The system includes two kinds of anchor assemblies: corner anchor assemblies and mid-base beam anchor assemblies. Each corner anchor assembly includes a horizontal, upper, split plate that overlies, and rests upon, a horizontal, lower plate. The upper, split plate comprises first and second upper plates in side by side, coplanar relation that reversibly attach to the lower plate by fasteners. The upper and lower plates have apertures that permit driving rebar down through the apertures deep enough into the ground to secure the assemblies from dislodgement in the event of blast, strong wind, earthquake, etc. In a preferred embodiment, each of the side beams has a hollow, lower end portion and each of the first and second upper plates includes an upstanding anchor rod. Each anchor rod has a lower end attached to an upper plate at a 60 degree angle with respect to that plate and an opposite, upper end, which upper end is shaped and dimensioned for close-fitting, telescopic insertion into the hollow, lower end portion of a first or second side beam of a side panel. Means is provided for reversibly locking the anchor rod within a lower end portion of a side beam of a side panel—e.g., by inserting a locking pin horizontally through aligned apertures in the anchor rod and said lower end portion.

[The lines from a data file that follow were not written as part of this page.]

lemma transition_mat_mult:
  assumes Bu: "is_basis d u" and Bw: "is_basis d w"
  shows "transition_mat d u w * transition_mat d w u = 1\<^sub>m (Suc d)"
proof (rule eq_matI)
  fix i j assume "i < dim_row (1\<^sub>m (Suc d))" "j < dim_col (1\<^sub>m (Suc d))"
  then have i: "i \<le> d" and j: "j \<le> d" by auto
  have "u j = vsum d (\<lambda>k. coord d w (u j) k \<cdot>\<^sub>v w k)" by (rule coord_repr[OF Bw basis_carrier[OF Bu j]])
  moreover have "coord d u (vsum d (\<lambda>k. coord d w (u j) k \<cdot>\<^sub>v w k)) i =
      (\<Sum>k\<le>d. coord d w (u j) k * coord d u (w k) i)"
    by (rule coord_vsum[OF Bu _ i]) (rule basis_carrier[OF Bw])
  ultimately have "(\<Sum>k\<le>d. coord d w (u j) k * coord d u (w k) i) = coord d u (u j) i" by simp
  then show "(transition_mat d u w * transition_mat d w u) $$ (i, j) = 1\<^sub>m (Suc d) $$ (i, j)"
    using i j coord_basis[OF Bu j i]
    by (simp add: transition_mat_def scalar_prod_def atLeast0LessThan lessThan_Suc_atMost mult.commute
        del: sum.lessThan_Suc)
qed (simp_all add: transition_mat_def)

lemma transition_mat_right_inverse:
  assumes Bu: "is_basis d u" and Bw: "is_basis d w" and T': "T' \<in> carrier_mat (Suc d) (Suc d)"
    and inv: "inverts_mat (transition_mat d u w) T'"
  shows "T' = transition_mat d w u"
proof -
  let ?T = "transition_mat d u w" and ?T' = "transition_mat d w u"
  have TT': "?T * T' = 1\<^sub>m (Suc d)" using inv unfolding inverts_mat_def by (simp add: transition_mat_def)
  have "?T' = ?T' * (?T * T')" unfolding TT' by (rule right_mult_one_mat[OF transition_mat_carrier, symmetric])
  also have "\<dots> = (?T' * ?T) * T'"
    by (rule assoc_mult_mat[OF transition_mat_carrier transition_mat_carrier T', symmetric])
  also have "\<dots> = T'" using transition_mat_mult[OF Bw Bu] T' by (simp add: left_mult_one_mat)
  finally show ?thesis by simp
qed

context LR_chain_basis
begin

lemma coord_chain_shift:
  assumes w: "LR_chain_basis d X Z w" and i: "i \<le> d" and k: "k \<le> d"
  shows "coord d u (w k) i = (if i \<le> k then coord d u (w (k - i)) 0 else 0)"
  using i k
proof (induction i arbitrary: k)
  case (Suc i)
  interpret w: LR_chain_basis d X Z w by (rule w)
  have "coord d u (w k) (Suc i) = coord d u (X *\<^sub>v w k) i"
    using coord_lower[OF w.u_carrier, of k i] Suc.prems by simp
  also have "\<dots> = (if Suc i \<le> k then coord d u (w (k - Suc i)) 0 else 0)"
  proof (cases k)
    case 0
    then show ?thesis using w.lower_first coord_zero[OF basis] Suc.prems by simp
  next
    case (Suc k')
    then show ?thesis using w.lower_step[of k] Suc.IH[of k'] Suc.prems by simp
  qed
  finally show ?case .
qed simp

lemma transition_mat_toeplitz:
  assumes "LR_chain_basis d X Z w"
  shows "toeplitz d (transition_mat d u w) (\<lambda>j. coord d u (w j) 0)"
  unfolding toeplitz_def using coord_chain_shift[OF assms] transition_mat_carrier
  by (auto simp: transition_mat_def)

lemma coord_first_nonzero:
  assumes "LR_chain_basis d X Z w"
  shows "coord d u (w 0) 0 \<noteq> 0"
proof
  interpret w: LR_chain_basis d X Z w by (rule assms)
  assume w0: "coord d u (w 0) 0 = 0"
  have "coord d u (w 0) j = coord d u (0\<^sub>v (Suc d)) j" if "j \<le> d" for j
    using coord_chain_shift[OF assms that le0] coord_zero[OF basis that] w0 by (cases j) simp_all
  then have "w 0 = 0\<^sub>v (Suc d)" by (intro vec_eq_coordI[OF basis w.u_carrier]) simp_all
  then show False using w.u_nonzero by simp
qed

lemma coord_smult_basis:
  assumes a: "a \<noteq> 0" and x: "x \<in> carrier_vec (Suc d)" and j: "j \<le> d"
  shows "coord d (\<lambda>i. a \<cdot>\<^sub>v u i) x j = coord d u x j / a"
proof -
  interpret au: LR_chain_basis d X Y "\<lambda>i. a \<cdot>\<^sub>v u i" by (rule smult[OF a])
  have "x = vsum d (\<lambda>i. coord d u x i \<cdot>\<^sub>v u i)" by (rule coord_repr[OF basis x])
  also have "\<dots> = vsum d (\<lambda>i. (coord d u x i / a) \<cdot>\<^sub>v (a \<cdot>\<^sub>v u i))"
    by (rule vsum_cong) (use a in \<open>simp add: smult_smult_assoc\<close>)
  finally show ?thesis by (rule coord_eqI[OF au.basis _ j])
qed

end

definition compatible_transition ::
  "nat \<Rightarrow> 'a::field mat \<Rightarrow> 'a mat \<Rightarrow> 'a mat \<Rightarrow> (nat \<Rightarrow> 'a vec) \<Rightarrow> (nat \<Rightarrow> 'a vec) \<Rightarrow> 'a mat \<Rightarrow> (nat \<Rightarrow> 'a) \<Rightarrow> bool"
  where "compatible_transition d X Y Z u w T g \<longleftrightarrow>
    LR_basis d X Y u \<and> LR_basis d X Z w \<and> is_transition d u w T \<and> toeplitz d T g \<and> g 0 = 1"

lemma trans_param_altdef:
  "trans_param d X Y Z i = (THE x. \<exists>u w T g. compatible_transition d X Y Z u w T g \<and> g i = x)"
  unfolding trans_param_def compatible_transition_def by (simp add: conj_assoc)

lemma trans_inv_param_altdef:
  "trans_inv_param d X Y Z i = (THE x. \<exists>u w T g T' h. compatible_transition d X Y Z u w T g \<and>
     T' \<in> carrier_mat (Suc d) (Suc d) \<and> inverts_mat T T' \<and> toeplitz d T' h \<and> h i = x)"
  unfolding trans_inv_param_def compatible_transition_def by (simp add: conj_assoc)

context LR_chain_basis
begin

lemma normalized_chain_basis:
  assumes "LR_chain_basis d X Z w"
  shows "\<exists>w'. LR_chain_basis d X Z w' \<and> coord d u (w' 0) 0 = 1"
proof -
  interpret w: LR_chain_basis d X Z w by (rule assms)
  let ?a = "1 / coord d u (w 0) 0"
  have "?a \<noteq> 0" using coord_first_nonzero[OF assms] by simp
  show ?thesis
  proof (intro exI conjI)
    show "LR_chain_basis d X Z (\<lambda>i. ?a \<cdot>\<^sub>v w i)" by (rule w.smult[OF \<open>?a \<noteq> 0\<close>])
    show "coord d u (?a \<cdot>\<^sub>v w 0) 0 = 1"
      using coord_smult[OF basis w.u_carrier, of 0 0] coord_first_nonzero[OF assms] by simp
  qed
qed

lemma compatible_transition_eq:
  assumes w: "LR_chain_basis d X Z w" and w0: "coord d u (w 0) 0 = 1"
    and c: "compatible_transition d X Y Z u' w' T g"
  shows "T = transition_mat d u w"
proof -
  interpret w: LR_chain_basis d X Z w by (rule w)
  have u': "LR_chain_basis d X Y u'" and w': "LR_chain_basis d X Z w'"
    using c LR_basis_iff w.LR_basis_iff unfolding compatible_transition_def by auto
  obtain a where a: "a \<noteq> 0" "\<forall>i\<le>d. u' i = a \<cdot>\<^sub>v u i" using chain_basis_unique[OF u'] by blast
  obtain b where b: "b \<noteq> 0" "\<forall>i\<le>d. w' i = b \<cdot>\<^sub>v w i" using w.chain_basis_unique[OF w'] by blast
  have T: "T = transition_mat d u' w'"
    using c transition_eq_transition_mat[OF LR_chain_basis.basis[OF u']] unfolding compatible_transition_def by blast
  have entry: "T $$ (i, k) = b / a * coord d u (w k) i" if "i \<le> d" "k \<le> d" for i k
  proof -
    have "T $$ (i, k) = coord d (\<lambda>i. a \<cdot>\<^sub>v u i) (b \<cdot>\<^sub>v w k) i"
      unfolding T transition_mat_def using that coord_cong[of d u' "\<lambda>i. a \<cdot>\<^sub>v u i"] a(2) b(2) by simp
    also have "\<dots> = b / a * coord d u (w k) i"
      using coord_smult_basis[OF a(1) _ that(1), of "b \<cdot>\<^sub>v w k"] coord_smult[OF basis w.u_carrier that(1)]
        w.u_carrier that(2) by simp
    finally show ?thesis .
  qed
  have "T $$ (0, 0) = 1" using c unfolding compatible_transition_def toeplitz_def by auto
  then have "b / a = 1" using entry[of 0 0] w0 by simp
  then show ?thesis
    using entry T by (intro eq_matI) (auto simp: transition_mat_def)
qed

lemma compatible_transition_mat:
  assumes w: "LR_chain_basis d X Z w" and w0: "coord d u (w 0) 0 = 1"
  shows "compatible_transition d X Y Z u w (transition_mat d u w) (\<lambda>j. coord d u (w j) 0)"
proof -
  interpret w: LR_chain_basis d X Z w by (rule w)
  show ?thesis
    unfolding compatible_transition_def
    using LR_basis_iff w.LR_basis_iff w is_transition_transition_mat[OF basis w.u_carrier]
      transition_mat_toeplitz[OF w] w0 by (auto intro: LR_chain_basis_axioms)
qed

lemma trans_param_eq:
  assumes w: "LR_chain_basis d X Z w" and w0: "coord d u (w 0) 0 = 1" and i: "i \<le> d"
  shows "trans_param d X Y Z i = coord d u (w i) 0"
  unfolding trans_param_altdef
proof (rule the_equality)
  show "\<exists>u' w' T g. compatible_transition d X Y Z u' w' T g \<and> g i = coord d u (w i) 0"
    using compatible_transition_mat[OF w w0] by blast
next
  fix x assume "\<exists>u' w' T g. compatible_transition d X Y Z u' w' T g \<and> g i = x"
  then obtain u' w' T g where c: "compatible_transition d X Y Z u' w' T g" "g i = x" by blast
  then have "T $$ (0, i) = x" using i unfolding compatible_transition_def toeplitz_def by auto
  then show "x = coord d u (w i) 0"
    using compatible_transition_eq[OF w w0 c(1)] i by (simp add: transition_mat_def)
qed

lemma trans_inv_param_eq:
  assumes w: "LR_chain_basis d X Z w" and w0: "coord d u (w 0) 0 = 1" and i: "i \<le> d"
  shows "trans_inv_param d X Y Z i = coord d w (u i) 0"
  unfolding trans_inv_param_altdef
proof (rule the_equality)
  have "inverts_mat (transition_mat d u w) (transition_mat d w u)"
    unfolding inverts_mat_def using transition_mat_mult[OF basis LR_chain_basis.basis[OF w]]
    by (simp add: transition_mat_def)
  then show "\<exists>u' w' T g T' h. compatible_transition d X Y Z u' w' T g \<and> T' \<in> carrier_mat (Suc d) (Suc d) \<and>
      inverts_mat T T' \<and> toeplitz d T' h \<and> h i = coord d w (u i) 0"
    using compatible_transition_mat[OF w w0] transition_mat_carrier
      LR_chain_basis.transition_mat_toeplitz[OF w LR_chain_basis_axioms] by blast
next
  fix x assume "\<exists>u' w' T g T' h. compatible_transition d X Y Z u' w' T g \<and> T' \<in> carrier_mat (Suc d) (Suc d) \<and>
      inverts_mat T T' \<and> toeplitz d T' h \<and> h i = x"
  then obtain u' w' T g T' h where c: "compatible_transition d X Y Z u' w' T g"
    and T': "T' \<in> carrier_mat (Suc d) (Suc d)" "inverts_mat T T'" "toeplitz d T' h" "h i = x"
    by blast
  have "T' = transition_mat d w u"
    using transition_mat_right_inverse[OF basis LR_chain_basis.basis[OF w] T'(1)] T'(2)
      compatible_transition_eq[OF w w0 c] by simp
  then show "x = coord d w (u i) 0"
    using T' i unfolding toeplitz_def by (auto simp: transition_mat_def)
qed
lemma rotation_field_min_period_strict_antimono:
  assumes "continuous_on UNIV \<omega>" "\<omega> 0 > 0" and "strict_mono_on {0..} \<omega>"
  shows "\<forall>p \<in> period_annulus (rotation_field \<omega>) 0. \<forall>q \<in> period_annulus (rotation_field \<omega>) 0.
           cmod p < cmod q \<longrightarrow> min_period (rotation_field \<omega>) q < min_period (rotation_field \<omega>) p"
proof (intro ballI impI)
  fix p q assume pq: "p \<in> period_annulus (rotation_field \<omega>) 0" "q \<in> period_annulus (rotation_field \<omega>) 0"
    and "cmod p < cmod q"
  then have "\<omega> (cmod p) < \<omega> (cmod q)" using assms(3) by (simp add: strict_mono_onD)
  then show "min_period (rotation_field \<omega>) q < min_period (rotation_field \<omega>) p"
    using rotation_field_speed_pos_period_annulus[OF assms(1,2) pq(1)]
    by (simp add: rotation_field_min_period_annulus[OF assms(1,2) pq(1)]
        rotation_field_min_period_annulus[OF assms(1,2) pq(2)] divide_strict_left_mono)
qed

lemma rotation_field_min_period_strict_mono:
  assumes "continuous_on UNIV \<omega>" "\<omega> 0 > 0" and "strict_antimono_on {0..} \<omega>"
  shows "\<forall>p \<in> period_annulus (rotation_field \<omega>) 0. \<forall>q \<in> period_annulus (rotation_field \<omega>) 0.
           cmod p < cmod q \<longrightarrow> min_period (rotation_field \<omega>) p < min_period (rotation_field \<omega>) q"
proof (intro ballI impI)
  fix p q assume pq: "p \<in> period_annulus (rotation_field \<omega>) 0" "q \<in> period_annulus (rotation_field \<omega>) 0"
    and "cmod p < cmod q"
  then have "\<omega> (cmod q) < \<omega> (cmod p)" using monotone_onD[OF assms(3), of "cmod p" "cmod q"] by simp
  then show "min_period (rotation_field \<omega>) p < min_period (rotation_field \<omega>) q"
    using rotation_field_speed_pos_period_annulus[OF assms(1,2) pq(2)]
    by (simp add: rotation_field_min_period_annulus[OF assms(1,2) pq(1)]
        rotation_field_min_period_annulus[OF assms(1,2) pq(2)] divide_strict_left_mono)
qed
(* Let $\mu>0$, let $V^{*}_{\mu}$ be the fixed point of $\mathcal{B}_{\mu}$ and $V^{*}$ the fixed point of $\mathcal{B}$. Then $$\|V^{*}_{\mu}-V^{*}\|_{\infty}\le\frac{\mu\cdot\max\{|1-\mathbf{C}|,1\}}{1-\gamma}.$$
   Context: Markov decision process with state space $\mathcal{S}$, action space $\mathcal{A}\subseteq\mathbb{R}$, transition kernel $\mathbf{P}$, bounded reward $R(s',s,a)$, discount $\gamma\in[0,1)$. Standing assumption: all policies are conditional densities on $\mathcal{A}$ (w.r.t. Lebesgue measure) bounded by the constant $\mathbf{C}$; this class is $\Pi_{\mathbf{C}}$. For bounded $V$, $Q_V(s,a)=\mathbb{E}_{S'\sim\mathbf{P}(\cdot\mid s,a)}[R(S',s,a)+\gamma V(S')]$, $\mathcal{B}V(s)=\sup_{\pi\in\Pi_{\mathbf{C}}}\int_{\mathcal{A}}Q_V(s,a)\pi(a\mid s)\,da$, and $\mathcal{B}_{\mu}V(s)=\sup_{\pi\in\Pi_{\mathbf{C}}}\int_{\mathcal{A}}[Q_V(s,a)\pi(a\mid s)+\mu(\pi(a\mid s)-\pi(a\mid s)^2)]\,da$. *)

theory Defs
  imports "HOL-Probability.Probability"
begin

definition dens_C :: "real set \<Rightarrow> real \<Rightarrow> (real \<Rightarrow> real) set" where
  "dens_C A C = {p. p \<in> borel_measurable lborel \<and> (\<forall>a\<in>A. 0 \<le> p a \<and> p a \<le> C)
                   \<and> set_integrable lborel A p \<and> (LINT a:A|lborel. p a) = 1}"

definition Pol :: "'s measure \<Rightarrow> real set \<Rightarrow> real \<Rightarrow> ('s \<Rightarrow> real \<Rightarrow> real) set" where
  "Pol M A C = {\<pi>. \<forall>s\<in>space M. \<pi> s \<in> dens_C A C}"

definition Qfun :: "('s \<Rightarrow> real \<Rightarrow> 's measure) \<Rightarrow> ('s \<Rightarrow> 's \<Rightarrow> real \<Rightarrow> real) \<Rightarrow> real
                     \<Rightarrow> ('s \<Rightarrow> real) \<Rightarrow> 's \<Rightarrow> real \<Rightarrow> real" where
  "Qfun P R \<gamma> V s a = (\<integral>s'. R s' s a + \<gamma> * V s' \<partial>(P s a))"

definition Bop :: "'s measure \<Rightarrow> real set \<Rightarrow> real \<Rightarrow> ('s \<Rightarrow> real \<Rightarrow> 's measure)
                    \<Rightarrow> ('s \<Rightarrow> 's \<Rightarrow> real \<Rightarrow> real) \<Rightarrow> real \<Rightarrow> ('s \<Rightarrow> real) \<Rightarrow> 's \<Rightarrow> real" where
  "Bop M A C P R \<gamma> V s =
     (SUP \<pi>\<in>Pol M A C. LINT a:A|lborel. Qfun P R \<gamma> V s a * \<pi> s a)"

definition Bmu :: "'s measure \<Rightarrow> real set \<Rightarrow> real \<Rightarrow> ('s \<Rightarrow> real \<Rightarrow> 's measure)
                    \<Rightarrow> ('s \<Rightarrow> 's \<Rightarrow> real \<Rightarrow> real) \<Rightarrow> real \<Rightarrow> real \<Rightarrow> ('s \<Rightarrow> real) \<Rightarrow> 's \<Rightarrow> real" where
  "Bmu M A C P R \<gamma> \<mu> V s =
     (SUP \<pi>\<in>Pol M A C. LINT a:A|lborel.
        Qfun P R \<gamma> V s a * \<pi> s a + \<mu> * (\<pi> s a - (\<pi> s a)\<^sup>2))"

end

theory Submission
  imports Defs
begin

(* The regularizer changes the objective of a policy with density p by
   mu * (1 - LINT p^2), and for a density bounded by C the integral of p^2 lies
   in [0, C]; hence B_mu V and B V differ by at most mu * max |1 - C| 1.
   Since Q_V - Q_W = gamma * E[V - W], the operator B is a gamma-contraction in the
   sup norm.  Writing D for sup |V*_mu - V*| and using the fixed point equations,
   D <= mu * max |1 - C| 1 + gamma * D, which rearranges to the claim. *)

lemma integral_measurable_subprob_algebra2:
  fixes f :: "'a \<Rightarrow> 'b \<Rightarrow> 'c::{banach, second_countable_topology}"
  assumes f[measurable]: "(\<lambda>(x, y). f x y) \<in> borel_measurable (M \<Otimes>\<^sub>M N)"
    and L[measurable]: "L \<in> M \<rightarrow>\<^sub>M subprob_algebra N"
  shows "(\<lambda>x. integral\<^sup>L (L x) (f x)) \<in> borel_measurable M"
proof -
  note measurable_distr2[measurable]
  have "(\<lambda>x. integral\<^sup>L (distr (L x) (M \<Otimes>\<^sub>M N) (\<lambda>y. (x, y))) (\<lambda>(x, y). f x y))
          \<in> borel_measurable M"
    by measurable
  then show ?thesis
    by (rule measurable_cong[THEN iffD1, rotated])
       (auto simp: integral_distr subprob_measurableD(2)[OF L] cong: measurable_cong_sets)
qed

lemma (in prob_space) abs_integral_le_const:
  fixes f :: "'a \<Rightarrow> real"
  assumes f: "f \<in> borel_measurable M" and bound: "\<And>x. x \<in> space M \<Longrightarrow> \<bar>f x\<bar> \<le> c"
  shows "integrable M f" and "\<bar>integral\<^sup>L M f\<bar> \<le> c"
proof -
  show int: "integrable M f"
    using f bound by (intro integrable_const_bound[where B=c]) auto
  have "integral\<^sup>L M f \<le> c" and "- c \<le> integral\<^sup>L M f"
    by (auto intro!: integral_le_const integral_ge_const int AE_I2 dest!: bound)
  then show "\<bar>integral\<^sup>L M f\<bar> \<le> c"
    by linarith
qed

lemma cSUP_abs_diff_le:
  fixes f g :: "'a \<Rightarrow> real"
  assumes S: "S \<noteq> {}" and g: "bdd_above (g ` S)"
    and close: "\<And>x. x \<in> S \<Longrightarrow> \<bar>f x - g x\<bar> \<le> e"
  shows "\<bar>(SUP x\<in>S. f x) - (SUP x\<in>S. g x)\<bar> \<le> e"
proof -
  have f: "bdd_above (f ` S)"
  proof -
    from g obtain b where "\<And>x. x \<in> S \<Longrightarrow> g x \<le> b"
      by (auto simp: bdd_above_def)
    with close show ?thesis
      by (intro bdd_aboveI2[where M="b + e"]) (smt (verit))
  qed
  have "(SUP x\<in>S. f x) \<le> (SUP x\<in>S. g x) + e"
    using close cSUP_upper[OF _ g] by (intro cSUP_least[OF S]) (smt (verit))
  moreover have "(SUP x\<in>S. g x) \<le> (SUP x\<in>S. f x) + e"
    using close cSUP_upper[OF _ f] by (intro cSUP_least[OF S]) (smt (verit))
  ultimately show ?thesis
    by linarith
qed

lemma bound_from_contraction_inequality:
  fixes h :: "'a \<Rightarrow> real"
  assumes h: "bdd_above (h ` S)" and "\<gamma> < 1"
    and contraction: "\<And>D. \<forall>x\<in>S. h x \<le> D \<Longrightarrow> \<forall>x\<in>S. h x \<le> e + \<gamma> * D"
  shows "\<forall>x\<in>S. h x \<le> e / (1 - \<gamma>)"
proof (cases "S = {}")
  case False
  define D where "D = (SUP x\<in>S. h x)"
  have upper: "\<forall>x\<in>S. h x \<le> D"
    unfolding D_def using h by (auto intro: cSUP_upper)
  have "D \<le> e + \<gamma> * D"
    unfolding D_def using contraction[OF upper] False by (intro cSUP_least) (auto simp: D_def)
  then have "D \<le> e / (1 - \<gamma>)"
    using \<open>\<gamma> < 1\<close> by (simp add: pos_le_divide_eq algebra_simps)
  with upper show ?thesis
    by fastforce
qed simp

lemma set_integrable_mult_density:
  fixes Q p :: "'a \<Rightarrow> real"
  assumes A: "A \<in> sets M" and Q: "Q \<in> borel_measurable (restrict_space M A)"
    and Q_bound: "\<And>a. a \<in> A \<Longrightarrow> \<bar>Q a\<bar> \<le> c"
    and p: "p \<in> borel_measurable M" "\<And>a. a \<in> A \<Longrightarrow> 0 \<le> p a" "set_integrable M A p"
  shows "set_integrable M A (\<lambda>a. Q a * p a)"
proof (rule set_integrable_bound[where f="\<lambda>a. c * p a"])
  show "set_integrable M A (\<lambda>a. c * p a)"
    using p(3) by simp
  have "(\<lambda>x. indicator A x *\<^sub>R Q x) \<in> borel_measurable M"
    using Q A by (subst (asm) borel_measurable_restrict_space_iff) auto
  then have "(\<lambda>x. (indicator A x *\<^sub>R Q x) * p x) \<in> borel_measurable M"
    using p(1) by (rule borel_measurable_times)
  then show "set_borel_measurable M A (\<lambda>a. Q a * p a)"
    unfolding set_borel_measurable_def by (simp add: mult.assoc)
  show "AE a in M. a \<in> A \<longrightarrow> norm (Q a * p a) \<le> norm (c * p a)"
    using Q_bound p(2)
    by (auto intro!: AE_I2 mult_right_mono simp: abs_mult) (metis Q_bound abs_ge_self order_trans)
qed

lemma abs_set_integral_mult_density_le:
  fixes Q p :: "'a \<Rightarrow> real"
  assumes A: "A \<in> sets M" and Q: "Q \<in> borel_measurable (restrict_space M A)"
    and Q_bound: "\<And>a. a \<in> A \<Longrightarrow> \<bar>Q a\<bar> \<le> c"
    and p: "p \<in> borel_measurable M" "\<And>a. a \<in> A \<Longrightarrow> 0 \<le> p a" "set_integrable M A p"
      "(LINT a:A|M. p a) = 1"
  shows "\<bar>LINT a:A|M. Q a * p a\<bar> \<le> c"
proof -
  have Qp: "set_integrable M A (\<lambda>a. Q a * p a)"
    using set_integrable_mult_density[OF A Q Q_bound p(1-3)] .
  have "(LINT a:A|M. Q a * p a) \<le> (LINT a:A|M. c * p a)"
    using Q_bound p(2)
    by (intro set_integral_mono Qp) (auto simp: p(3) abs_le_iff intro: mult_right_mono)
  moreover have "(LINT a:A|M. (- c) * p a) \<le> (LINT a:A|M. Q a * p a)"
  proof (intro set_integral_mono Qp)
    show "set_integrable M A (\<lambda>a. (- c) * p a)"
      using p(3) by (rule set_integrable_mult_right)
    show "(- c) * p a \<le> Q a * p a" if "a \<in> A" for a
      using Q_bound[OF that] p(2)[OF that] by (intro mult_right_mono) auto
  qed
  ultimately show ?thesis
    using p(4) set_integral_mult_right[where M=M and A=A and f=p and a="- c"]
    by (simp add: abs_le_iff)
qed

At each lower corner of a triangular or square pyramid shelter, adjacent, joined side panels share, and are supported by, a single corner anchor assembly. This is accomplished during on-site assembly by inserting the anchor rod of the first upper plate into a hollow end of a side beam of a first side panel and by inserting the anchor rod of the adjacent, second upper plate into an adjacent side beam of a second, adjacent side panel. When the base beams of the two panels are level, the anchor rods are locked in position within the side beams of those panels with the locking means. Apertured steel strapping is attached to and extends along substantially the entire length of each side beam of each side panel. The same side beams are themselves then joined to each other by aligning adjacent edges of the panels with their steel strapping overlapping and with their apertures aligned in registry, joining the steel strappings of the adjacent panels together with fasteners (e.g., bolts) inserted through the aligned apertures.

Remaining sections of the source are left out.